• _Exercise brief_: Starting from the line with "using assms by (intro nn_integral_has_integral_lebesgue)", transcribe each line to the end of the records below. Copy them exactly and write nothing else.

Stored entries
(* Replace g by a bounded Borel function h that agrees almost everywhere with g outside \<Omega>
   and with 0 on \<Omega>; then the integral in question is the truncated potential
   J r x = \<integral>_{B_r \<setminus> \<Omega>} h(y) |x - y|^(-N) dy. For x in \<Omega> every y outside \<Omega> satisfies
   |x - y| \<ge> \<delta>(x), so J r is locally Lipschitz on \<Omega> and |J r x| \<le> C N |B_1| log((|x| + r) / \<delta>(x)).
   Since \<delta>^\<epsilon> log(1/\<delta>) = O(\<delta>^(\<epsilon>/2)), the weighted potential \<delta>^\<epsilon> J r tends to 0 at the
   boundary and extends by 0. For large r \<le> R, J R x - J r x is an integral over the annulus
   r \<le> |y| < R; replacing |x - y|^(-N) by |y|^(-N) costs O(1/r) uniformly in x, and in polar
   coordinates the remaining term is N |B_1| \<integral>_r^R h~(s) / s ds, a tail of the convergent
   integral in the hypothesis. So the family is uniformly Cauchy as r \<rightarrow> \<infinity>. *)

lemma abs_integral_le_if_nn_integral_le:
  fixes f :: "'a \<Rightarrow> real"
  assumes "(\<integral>\<^sup>+x. ennreal \<bar>f x\<bar> \<partial>M) \<le> ennreal B" and "0 \<le> B"
  shows "\<bar>\<integral>x. f x \<partial>M\<bar> \<le> B"
proof (cases "integrable M f")
  case True
  then have "ennreal \<bar>\<integral>x. f x \<partial>M\<bar> \<le> ennreal B"
    using integral_norm_bound_ennreal[of M f] assms(1) by simp
  then show ?thesis
    using assms(2) by simp
next
  case False
  then show ?thesis
    using assms(2) by (simp add: not_integrable_integral_eq)
qed

lemma abs_integral_le_indicator_bound:
  fixes f :: "'a \<Rightarrow> real"
  assumes f: "\<And>x. \<bar>f x\<bar> \<le> K * indicator A x" and "0 \<le> K" "A \<in> sets M" "emeasure M A < \<infinity>"
  shows "\<bar>\<integral>x. f x \<partial>M\<bar> \<le> K * measure M A"
proof (rule abs_integral_le_if_nn_integral_le)
  have "(\<integral>\<^sup>+x. ennreal \<bar>f x\<bar> \<partial>M) \<le> (\<integral>\<^sup>+x. ennreal K * indicator A x \<partial>M)"
  proof (rule nn_integral_mono)
    fix x
    show "ennreal \<bar>f x\<bar> \<le> ennreal K * indicator A x"
      using f[of x] by (cases "x \<in> A") (auto intro: ennreal_leI)
  qed
  also have "\<dots> = ennreal K * emeasure M A"
    by (rule nn_integral_cmult_indicator) (rule assms(3))
  also have "\<dots> = ennreal (K * measure M A)"
    using assms(2,4) by (simp add: emeasure_eq_ennreal_measure ennreal_mult)
  finally show "(\<integral>\<^sup>+x. ennreal \<bar>f x\<bar> \<partial>M) \<le> ennreal (K * measure M A)" .
  show "0 \<le> K * measure M A"
    using assms(2) by simp
qed

section \<open>Polar coordinates\<close>

lemma nn_integral_powr_tail:
  fixes a p :: real
  assumes "0 < a" "0 < p"
  shows "(\<integral>\<^sup>+t. indicator {a<..} t * ennreal (p * t powr (- p - 1)) \<partial>lborel) = ennreal (a powr - p)"
proof -
  have "((\<lambda>t. t powr (- p - 1)) has_integral - (a powr (- p - 1 + 1)) / (- p - 1 + 1)) {a..}"
    using assms by (intro has_integral_powr_to_inf) auto
  then have "((\<lambda>t. p * t powr (- p - 1)) has_integral p * (- (a powr (- p - 1 + 1)) / (- p - 1 + 1))) {a..}"
    by (rule has_integral_mult_right)
  moreover have "p * (- (a powr (- p - 1 + 1)) / (- p - 1 + 1)) = a powr - p"
    using assms by simp
  ultimately have "((\<lambda>t. p * t powr (- p - 1)) has_integral a powr - p) {a..}"
    by simp
  then have "(\<integral>\<^sup>+t. ennreal (indicator {a..} t * (p * t powr (- p - 1))) \<partial>lborel) = ennreal (a powr - p)"
    using assms by (intro nn_integral_has_integral_lebesgue) auto
  moreover have "AE t in lborel. ennreal (indicator {a..} t * (p * t powr (- p - 1))) =
      indicator {a<..} t * ennreal (p * t powr (- p - 1))"
    using AE_lborel_singleton[of a] by eventually_elim (auto simp: indicator_def)
  ultimately show ?thesis
    by (simp add: nn_integral_cong_AE)
qed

• _Written answer_:
    using assms by (intro nn_integral_has_integral_lebesgue) auto
  moreover have "AE t in lborel. ennreal (indicator {a..} t * (p * t powr (- p - 1))) =
      indicator {a<..} t * ennreal (p * t powr (- p - 1))"
    using AE_lborel_singleton[of a] by eventually_elim (auto simp: indicator_def)
  ultimately show ?thesis
    by (simp add: nn_integral_cong_AE)
qed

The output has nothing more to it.